Investing

Back in the Barrel: AIG Investing in Mortgages

If you don’t know the old punchline, “Hey, It’s your turn in the barrel today!” you might not fully understand how badly we view the news out of American International Group Inc. (NYSE: AIG) today. We applaud the insurance giant for paying back Uncle Sam and the taxpayers with a profit after its bailout. Unfortunately, the headline today is just not going to be received well by the public, even if it is really an opportunity to make money.

AIG released a press release showing that its Connective Mortgage Advisory Company is “drawing on the company’s investment expertise and United Guaranty’s mortgage insight” for the purchase of residential mortgages for investments. The company said:

AIG announced today it has launched a new business unit called Connective Mortgage Advisory Company. The new company, which recently facilitated AIG’s first correspondent mortgage purchase, draws upon AIG’s investment expertise and the experience of its mortgage insurance subsidiary, United Guaranty Corporation, to identify and buy residential whole loan mortgages as investments.

The new Connective unit is focused on identifying residential first-mortgage loans to be purchased as long-term investments for AIG. As a part of the terms for the loans to purchased as investments, AIG will manage the loan-servicing component. The reality is that AIG can easily handle this. The public perception of this, however, is likely to be far different. The problem is that AIG effectively blew itself up and was a major contributor of what would have blown up so many other financial giants during the recession had it not been for the billions and billions of taxpayer bailout dollars.

AIG maintains in this release that direct investment in residential mortgage loans “offers attractive investment returns and enables a proactive approach to managing mortgage risk.” Again, our concern is not really whether AIG can manage this. Our concern is that the public will ask, “Isn’t that sort of why we bailed them out just a few years ago?” Whether the insurance giant created a hole worth endless of billions by insuring and participating in mortgages, CDOs and other securitizations may get lost in the shuffle here in what is, by and large, a liberal media that does not really like Wall St. and those who create wealth merely from financial dealings. Here is the supporting data offered by AIG:

Over the past several years, United Guaranty has been using a multivariate risk-assessment model to determine the quality of individual loans in the pricing of its mortgage insurance. United Guaranty is contributing deep knowledge of the residential mortgage landscape to the Connective project. “With the support of AIG, United Guaranty became the mortgage insurance market-share leader with risk-based pricing products,” said Donna DeMaio, United Guaranty’s Chief Executive Officer. “United Guaranty’s understanding of residential mortgage markets combined with AIG’s investment expertise creates unique new investment opportunities for AIG.”

AIG said that the Connective unit will establish correspondent relationships with lenders and will underwrite loans, and that it will provide support throughout the loan purchase process. It also said that all mortgage purchases will be subject to rigorous underwriting and risk management standards.

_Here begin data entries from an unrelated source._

(* Let $\Sigma$ be a set and let $1\le p<\infty$. Suppose $s$ is a sane scoring function on $\Sigma$ such that the distance $d$ on $\Sigma$ defined by $d(a,b)=(s(a,a)-s(a,b))^{1/p}$ is a quasi-metric on $\Sigma$, and suppose $\gamma,\delta\in\Gamma_{\mathrm{CL}}(\Sigma)$ satisfy, for all $a,b\in\Sigma$, \[\gamma(b)-\gamma(a)\le d^p(a,b)\quad\text{and}\quad s(a,a)+\delta(a)-s(b,b)-\delta(b)\le d^p(a,b).\] Let $S$ be the global similarity with respect to $s$, $\gamma$ and $\delta$, and let $\alpha(x)=\gamma(x)^{1/p}$ and $\beta(x)=(S(x,x)+\delta(x))^{1/p}$ for all $x\in\Sigma^+$. Then the $\ell^p$ edit distance $D$ on $\Sigma^*$ extending $d$, $\alpha$ and $\beta$ is a quasi-metric on $\Sigma^*$, and for all $x,y\in\Sigma^*$, \[D(x,y)=\big(S(x,x)-S(x,y)\big)^{1/p}.\]
   Context: $\Sigma^*$ is the free monoid on $\Sigma$ (finite words, concatenation, empty word $e$), $\Sigma^+=\Sigma^*\setminus\{e\}$; for $w=w_1\cdots w_n$, $|w|=n$, $\bar w_k=w_1\cdots w_k$, $\bar w_0=e$. A quasi-metric on $X$ is a map $q:X\times X\to\mathbb{R}_{\ge0}$ with $q(x,y)=q(y,x)=0\iff x=y$ and $q(x,z)\le q(x,y)+q(y,z)$. A sane scoring function $s:X\times X\to\mathbb{R}$ satisfies $s(x,x)>0$, $s(x,x)\ge s(x,y)$, $s(x,x)\ge s(y,x)$ for all $x,y$. A gap penalty over $\Sigma^+$ is a positive function $\gamma:\Sigma^+\to\mathbb{R}$ with $\gamma(u)+\gamma(v)\ge\gamma(uv)$; $\Gamma(\Sigma)$ is the set of these. $\gamma$ is increasing if $\gamma(uxv)\ge\gamma(uv)$ for all $u,v,x\in\Sigma^*$. $\Gamma_{\mathrm{CL}}(\Sigma)$ (composition-length gap penalties) is the set of increasing $\gamma\in\Gamma(\Sigma)$ of the form $\gamma(z)=\sum_i\phi(z_i)+\psi(|z|)$ for some $\phi:\Sigma\to\mathbb{R}$, $\psi:\mathbb{N}\to\mathbb{R}$. Global similarity: $S(e,e)=0$, $S(e,\bar y_j)=-\gamma(\bar y_j)$, $S(\bar x_i,e)=-\delta(\bar x_i)$, and for $i,j\ge1$ \[S(\bar x_i,\bar y_j)=\max\Big\{S(\bar x_{i-1},\bar y_{j-1})+s(x_i,y_j),\ \max_{1\le k\le j}\{S(\bar x_i,\bar y_{j-k})-\gamma(y_{j-k+1}\cdots y_j)\},\ \max_{1\le k\le i}\{S(\bar x_{i-k},\bar y_j)-\delta(x_{i-k+1}\cdots x_i)\}\Big\},\] $S(x,y)=S(\bar x_{|x|},\bar y_{|y|})$. $\ell^p$ edit distance extending $d$, $\alpha$, $\beta$ (with $\alpha^p,\beta^p\in\Gamma(\Sigma)$): $D(e,e)=0$, $D(e,\bar y_j)=\alpha(\bar y_j)$, $D(\bar x_i,e)=\beta(\bar x_i)$, and for $i,j\ge1$ \[D(\bar x_i,\bar y_j)=\Big(\min\Big\{D^p(\bar x_{i-1},\bar y_{j-1})+d^p(x_i,y_j),\ \min_{1\le k\le j}\{D^p(\bar x_i,\bar y_{j-k})+\alpha^p(y_{j-k+1}\cdots y_j)\},\ \min_{1\le k\le i}\{D^p(\bar x_{i-k},\bar y_j)+\beta^p(x_{i-k+1}\cdots x_i)\}\Big\}\Big)^{1/p},\] $D(x,y)=D(\bar x_{|x|},\bar y_{|y|})$. *)

theory Defs
  imports Main "HOL.Real" "HOL.Transcendental"
begin

text \<open>Words over the alphabet (the type 'a) are lists; the empty word e is [].
  Sigma^+ corresponds to nonempty lists.\<close>

definition quasi_metric :: "('b \<Rightarrow> 'b \<Rightarrow> real) \<Rightarrow> bool" where
  "quasi_metric q \<longleftrightarrow>
     (\<forall>x y. q x y \<ge> 0) \<and>
     (\<forall>x y. (q x y = 0 \<and> q y x = 0) \<longleftrightarrow> x = y) \<and>
     (\<forall>x y z. q x z \<le> q x y + q y z)"

definition sane_scoring :: "('a \<Rightarrow> 'a \<Rightarrow> real) \<Rightarrow> bool" where
  "sane_scoring s \<longleftrightarrow> (\<forall>x y. s x x > 0 \<and> s x x \<ge> s x y \<and> s x x \<ge> s y x)"

text \<open>Gap penalty over Sigma^+ (only the values on nonempty words matter).\<close>
definition gap_penalty :: "('a list \<Rightarrow> real) \<Rightarrow> bool" where
  "gap_penalty g \<longleftrightarrow>
     (\<forall>u. u \<noteq> [] \<longrightarrow> g u > 0) \<and>
     (\<forall>u v. u \<noteq> [] \<longrightarrow> v \<noteq> [] \<longrightarrow> g u + g v \<ge> g (u @ v))"

definition increasing_gap :: "('a list \<Rightarrow> real) \<Rightarrow> bool" where
  "increasing_gap g \<longleftrightarrow> (\<forall>u v x. u @ v \<noteq> [] \<longrightarrow> g (u @ x @ v) \<ge> g (u @ v))"

definition gap_CL :: "('a list \<Rightarrow> real) \<Rightarrow> bool" where
  "gap_CL g \<longleftrightarrow> gap_penalty g \<and> increasing_gap g \<and>
     (\<exists>(\<phi>::'a \<Rightarrow> real) (\<psi>::nat \<Rightarrow> real).
        \<forall>z. z \<noteq> [] \<longrightarrow> g z = sum_list (map \<phi> z) + \<psi> (length z))"

function glob_sim :: "('a \<Rightarrow> 'a \<Rightarrow> real) \<Rightarrow> ('a list \<Rightarrow> real) \<Rightarrow> ('a list \<Rightarrow> real)
    \<Rightarrow> 'a list \<Rightarrow> 'a list \<Rightarrow> real" where
  "glob_sim s g dl xs ys =
    (if xs = [] \<and> ys = [] then 0
     else if xs = [] then - g ys
     else if ys = [] then - dl xs
     else Max ({glob_sim s g dl (butlast xs) (butlast ys) + s (last xs) (last ys)}
       \<union> (\<lambda>k. glob_sim s g dl xs (take (length ys - k) ys) - g (drop (length ys - k) ys))
            ` {1..length ys}
       \<union> (\<lambda>k. glob_sim s g dl (take (length xs - k) xs) ys - dl (drop (length xs - k) xs))
            ` {1..length xs}))"
  by pat_completeness auto
termination
  apply (relation "measure (\<lambda>(s, g, dl, xs, ys). length xs + length ys)")
  apply simp
  apply (auto simp: min_def intro!: add_less_mono)
  done

function lp_edit :: "real \<Rightarrow> ('a \<Rightarrow> 'a \<Rightarrow> real) \<Rightarrow> ('a list \<Rightarrow> real) \<Rightarrow> ('a list \<Rightarrow> real)
    \<Rightarrow> 'a list \<Rightarrow> 'a list \<Rightarrow> real" where
  "lp_edit p d al be xs ys =
    (if xs = [] \<and> ys = [] then 0
     else if xs = [] then al ys
     else if ys = [] then be xs
     else (Min ({lp_edit p d al be (butlast xs) (butlast ys) powr p + d (last xs) (last ys) powr p}
       \<union> (\<lambda>k. lp_edit p d al be xs (take (length ys - k) ys) powr p
               + al (drop (length ys - k) ys) powr p) ` {1..length ys}
       \<union> (\<lambda>k. lp_edit p d al be (take (length xs - k) xs) ys powr p
               + be (drop (length xs - k) xs) powr p) ` {1..length xs})) powr (1 / p))"
  by pat_completeness auto
termination
  apply (relation "measure (\<lambda>(p, d, al, be, xs, ys). length xs + length ys)")
  apply simp
  apply (auto simp: min_def intro!: add_less_mono)
  done

definition score_dist :: "real \<Rightarrow> ('a \<Rightarrow> 'a \<Rightarrow> real) \<Rightarrow> 'a \<Rightarrow> 'a \<Rightarrow> real" where
  "score_dist p s a b = (s a a - s a b) powr (1 / p)"

end

theory Submission
  imports Defs "HOL-Analysis.Convex"
begin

Here is where the difference from the past comes into play: There are no plans for Connective to conduct any direct lending or securitization. Our problem with today’s news is that the public is still too rattled to hear that AIG is getting more active in another major aspect of the public’s finances, even if this is different from what really blew up the company.

The reality is that the public no longer owns AIG. Reality and perception may differ. As CEO Robert Benmosche has indicated previously, the company just cannot get involved in certain things (like suing the government over the bailout terms) because of the public perception. The public perception by many is still that AIG owes the public, even if that debt is merely a moral one.

It is one thing for AIG to actually do this new mortgage investing initiative. It is quite another thing to telegraph the launch of this new initiative. Perhaps AIG should have just launched this new mortgage effort without formally announcing it.